**Data shown:**
(* $PF<_c FLO$, i.e. $PF\le_c FLO$ and $FLO\not\le_c PF$.
   Context: Conventions: every structure is for a finite relational language and has universe a subset of $\omega$; a class of structures is a collection of structures for one fixed finite relational language closed under isomorphism. $D(\mathcal{A})$ is the atomic diagram of $\mathcal{A}$. A computable transformation from $K$ to $K'$ is a c.e. set $\Phi$ of pairs $(\alpha,\varphi)$, $\alpha$ a finite subset of the atomic diagram of a finite structure in the language of $K$, $\varphi$ an atomic sentence or negation of one in the language of $K'$, such that for every $\mathcal{A}\in K$, $\{\varphi:(\exists\alpha\subseteq D(\mathcal{A}))(\alpha,\varphi)\in\Phi\}=D(\mathcal{B})$ for some $\mathcal{B}\in K'$, written $\Phi(\mathcal{A})=\mathcal{B}$. A computable embedding is a computable transformation with $\mathcal{A}\cong\mathcal{A}'\iff\Phi(\mathcal{A})\cong\Phi(\mathcal{A}')$ for all $\mathcal{A},\mathcal{A}'\in K$. $K\le_c K'$ means a computable embedding of $K$ into $K'$ exists; $K<_c K'$ means $K\le_c K'$ and $K'\not\le_c K$. $PF$ is the class of all finite fields of prime order (with addition, multiplication, $0$, $1$ represented by relations: graphs of the operations and unary predicates). $FLO$ is the class of all finite linear orders (language $\{<\}$). *)

theory Defs
  imports Main "HOL-Library.Nat_Bijection" "HOL-Computational_Algebra.Primes"
begin

datatype recf = Zr | Sc | Pj nat | Cn recf "recf list" | Pr recf recf | Mn recf

inductive recf_eval :: "recf \<Rightarrow> nat list \<Rightarrow> nat \<Rightarrow> bool" where
  ev_Zr: "recf_eval Zr xs 0"
| ev_Sc: "recf_eval Sc (x # xs) (Suc x)"
| ev_Pj: "i < length xs \<Longrightarrow> recf_eval (Pj i) xs (xs ! i)"
| ev_Cn: "length ys = length gs \<Longrightarrow> (\<forall>i<length gs. recf_eval (gs ! i) xs (ys ! i))
          \<Longrightarrow> recf_eval f ys z \<Longrightarrow> recf_eval (Cn f gs) xs z"
| ev_Pr0: "recf_eval f xs y \<Longrightarrow> recf_eval (Pr f g) (0 # xs) y"
| ev_PrS: "recf_eval (Pr f g) (n # xs) y \<Longrightarrow> recf_eval g (n # y # xs) z
          \<Longrightarrow> recf_eval (Pr f g) (Suc n # xs) z"
| ev_Mn: "recf_eval f (n # xs) 0 \<Longrightarrow> (\<forall>m<n. \<exists>y. recf_eval f (m # xs) y \<and> 0 < y)
          \<Longrightarrow> recf_eval (Mn f) xs n"

definition ce :: "nat set \<Rightarrow> bool" where
  "ce S \<longleftrightarrow> (\<exists>f. S = {n. \<exists>y. recf_eval f [n] y})"

text \<open>A language is the list of arities of its relation symbols (symbol i has arity L!i).\<close>
type_synonym lang = "nat list"

record strc =
  univ :: "nat set"
  rel :: "nat \<Rightarrow> nat list set"

definition tuples :: "nat set \<Rightarrow> nat \<Rightarrow> nat list set" where
  "tuples U n = {xs. length xs = n \<and> set xs \<subseteq> U}"

definition is_struct :: "lang \<Rightarrow> strc \<Rightarrow> bool" where
  "is_struct L A \<longleftrightarrow> univ A \<noteq> {} \<and>
     (\<forall>i<length L. rel A i \<subseteq> tuples (univ A) (L ! i)) \<and>
     (\<forall>i. length L \<le> i \<longrightarrow> rel A i = {})"

definition iso :: "lang \<Rightarrow> strc \<Rightarrow> strc \<Rightarrow> bool" where
  "iso L A B \<longleftrightarrow> (\<exists>f. bij_betw f (univ A) (univ B) \<and>
     (\<forall>i<length L. \<forall>xs\<in>tuples (univ A) (L ! i). xs \<in> rel A i \<longleftrightarrow> map f xs \<in> rel B i))"

text \<open>Atomic sentences, with constants for the natural numbers: equalities and relation atoms.
  A literal is a pair (polarity, atom): True = the atom, False = its negation.\<close>
datatype atom = Eq nat nat | Rl nat "nat list"

type_synonym lit = "bool \<times> atom"

fun lang_lit :: "lang \<Rightarrow> lit \<Rightarrow> bool" where
  "lang_lit L (b, Eq a c) = True"
| "lang_lit L (b, Rl i xs) = (i < length L \<and> length xs = L ! i)"

definition diagram :: "lang \<Rightarrow> strc \<Rightarrow> lit set" where
  "diagram L A =
     {(True, Eq a a) | a. a \<in> univ A}
   \<union> {(False, Eq a c) | a c. a \<in> univ A \<and> c \<in> univ A \<and> a \<noteq> c}
   \<union> {(True, Rl i xs) | i xs. i < length L \<and> xs \<in> tuples (univ A) (L ! i) \<and> xs \<in> rel A i}
   \<union> {(False, Rl i xs) | i xs. i < length L \<and> xs \<in> tuples (univ A) (L ! i) \<and> xs \<notin> rel A i}"

fun atom_code :: "atom \<Rightarrow> nat" where
  "atom_code (Eq a c) = sum_encode (Inl (prod_encode (a, c)))"
| "atom_code (Rl i xs) = sum_encode (Inr (prod_encode (i, list_encode xs)))"

definition lit_code :: "lit \<Rightarrow> nat" where
  "lit_code l = prod_encode (if fst l then 1 else 0, atom_code (snd l))"

definition pair_code :: "lit set \<times> lit \<Rightarrow> nat" where
  "pair_code p = prod_encode (set_encode (lit_code ` fst p), lit_code (snd p))"

definition apply_trans :: "(lit set \<times> lit) set \<Rightarrow> lang \<Rightarrow> strc \<Rightarrow> lit set" where
  "apply_trans \<Phi> L A = {\<phi>. \<exists>\<alpha>. \<alpha> \<subseteq> diagram L A \<and> (\<alpha>, \<phi>) \<in> \<Phi>}"

definition comp_trans ::
  "strc set \<Rightarrow> lang \<Rightarrow> strc set \<Rightarrow> lang \<Rightarrow> (lit set \<times> lit) set \<Rightarrow> bool" where
  "comp_trans K L K' L' \<Phi> \<longleftrightarrow>
     ce (pair_code ` \<Phi>) \<and>
     (\<forall>(\<alpha>, \<phi>)\<in>\<Phi>. finite \<alpha> \<and>
        (\<exists>F. is_struct L F \<and> finite (univ F) \<and> \<alpha> \<subseteq> diagram L F) \<and> lang_lit L' \<phi>) \<and>
     (\<forall>A\<in>K. \<exists>B\<in>K'. apply_trans \<Phi> L A = diagram L' B)"

definition comp_emb ::
  "strc set \<Rightarrow> lang \<Rightarrow> strc set \<Rightarrow> lang \<Rightarrow> (lit set \<times> lit) set \<Rightarrow> bool" where
  "comp_emb K L K' L' \<Phi> \<longleftrightarrow> comp_trans K L K' L' \<Phi> \<and>
     (\<forall>A\<in>K. \<forall>A'\<in>K. \<forall>B\<in>K'. \<forall>B'\<in>K'.
        apply_trans \<Phi> L A = diagram L' B \<longrightarrow> apply_trans \<Phi> L A' = diagram L' B' \<longrightarrow>
        (iso L A A' \<longleftrightarrow> iso L' B B'))"

definition c_le :: "strc set \<Rightarrow> lang \<Rightarrow> strc set \<Rightarrow> lang \<Rightarrow> bool" where
  "c_le K L K' L' \<longleftrightarrow> (\<exists>\<Phi>. comp_emb K L K' L' \<Phi>)"

definition c_lt :: "strc set \<Rightarrow> lang \<Rightarrow> strc set \<Rightarrow> lang \<Rightarrow> bool" where
  "c_lt K L K' L' \<longleftrightarrow> c_le K L K' L' \<and> \<not> c_le K' L' K L"

text \<open>Language of fields: 0 = graph of +, 1 = graph of *, 2 = {0}, 3 = {1}.\<close>
definition L_PF :: lang where "L_PF = [3, 3, 1, 1]"

definition Zp :: "nat \<Rightarrow> strc" where
  "Zp p = \<lparr> univ = {0..<p},
     rel = (\<lambda>i. if i = 0 then {[a, b, (a + b) mod p] | a b. a < p \<and> b < p}
              else if i = 1 then {[a, b, (a * b) mod p] | a b. a < p \<and> b < p}
              else if i = 2 then {[0]}
              else if i = 3 then {[1]}
              else {}) \<rparr>"

definition PF :: "strc set" where
  "PF = {A. is_struct L_PF A \<and> (\<exists>p::nat. prime p \<and> iso L_PF (Zp p) A)}"

definition L_FLO :: lang where "L_FLO = [2]"

definition FLO :: "strc set" where
  "FLO = {A. is_struct L_FLO A \<and> finite (univ A) \<and>
     (\<forall>a\<in>univ A. [a, a] \<notin> rel A 0) \<and>
     (\<forall>a\<in>univ A. \<forall>b\<in>univ A. \<forall>c\<in>univ A. [a, b] \<in> rel A 0 \<longrightarrow> [b, c] \<in> rel A 0 \<longrightarrow> [a, c] \<in> rel A 0) \<and>
     (\<forall>a\<in>univ A. \<forall>b\<in>univ A. a = b \<or> [a, b] \<in> rel A 0 \<or> [b, a] \<in> rel A 0)}"

end

theory Submission
  imports Defs "HOL-Library.Infinite_Set"
begin

(* The embedding of PF into FLO sends a structure to the natural order of the naturals restricted
   to its universe. It only reads the equalities and inequalities of the atomic diagram, and two
   prime fields, like two finite linear orders, are isomorphic iff they have the same size. Its
   enumeration is c.e. because the set of codes is a union of ranges of six primitive recursive
   functions of two variables.

   Conversely, every computable transformation is monotone in the atomic diagram. The diagram of
   the one-element order is contained in that of the two-element order, so an embedding of FLO
   into PF would yield prime fields B1, B2 with D(B1) a subset of D(B2). Then B1 is a
   substructure of B2 containing 1 and closed under adding 1, and since 1 generates the additive
   group of a prime field, B1 = B2; but the two orders are not isomorphic. *)

section \<open>Partial recursive functions\<close>

lemma recf_eval_functional: "recf_eval f xs y \<Longrightarrow> recf_eval f xs z \<Longrightarrow> y = z"
proof (induction f xs y arbitrary: z rule: recf_eval.induct)
  case (ev_Zr xs)
  from ev_Zr.prems show ?case by cases auto
next
  case (ev_Sc x xs)
  from ev_Sc.prems show ?case by cases auto
next
  case (ev_Pj i xs)
  from ev_Pj.prems show ?case by cases auto
next
  case (ev_Cn ys gs xs f y)
  from ev_Cn.prems show ?case
  proof cases
    case (ev_Cn ys')
    have "ys' = ys"
      by (rule nth_equalityI) (use ev_Cn ev_Cn.hyps ev_Cn.IH in auto)
    with ev_Cn ev_Cn.IH show ?thesis by auto
  qed
next
  case (ev_Pr0 f xs y g)
  from ev_Pr0.prems show ?case by cases (use ev_Pr0 in auto)
next
  case (ev_PrS f g n xs y z)
  from ev_PrS.prems show ?case by cases (use ev_PrS in fastforce)
next
  case (ev_Mn f n xs)
  from ev_Mn.prems show ?case
  proof cases
    case ev_Mn
    show ?thesis
    proof (rule linorder_cases[of n z])
      assume "n < z"
      with ev_Mn ev_Mn.IH(1) show ?thesis by fastforce
    next
      assume "z < n"
      with ev_Mn ev_Mn.IH(2) show ?thesis by fastforce
    qed
  qed
qed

**Work to be completed:** The required answer is each line of the data in which the word "open" appears.

**Problem solution:**
text \<open>A language is the list of arities of its relation symbols (symbol i has arity L!i).\<close>
text \<open>Atomic sentences, with constants for the natural numbers: equalities and relation atoms.
text \<open>Language of fields: 0 = graph of +, 1 = graph of *, 2 = {0}, 3 = {1}.\<close>
section \<open>Partial recursive functions\<close>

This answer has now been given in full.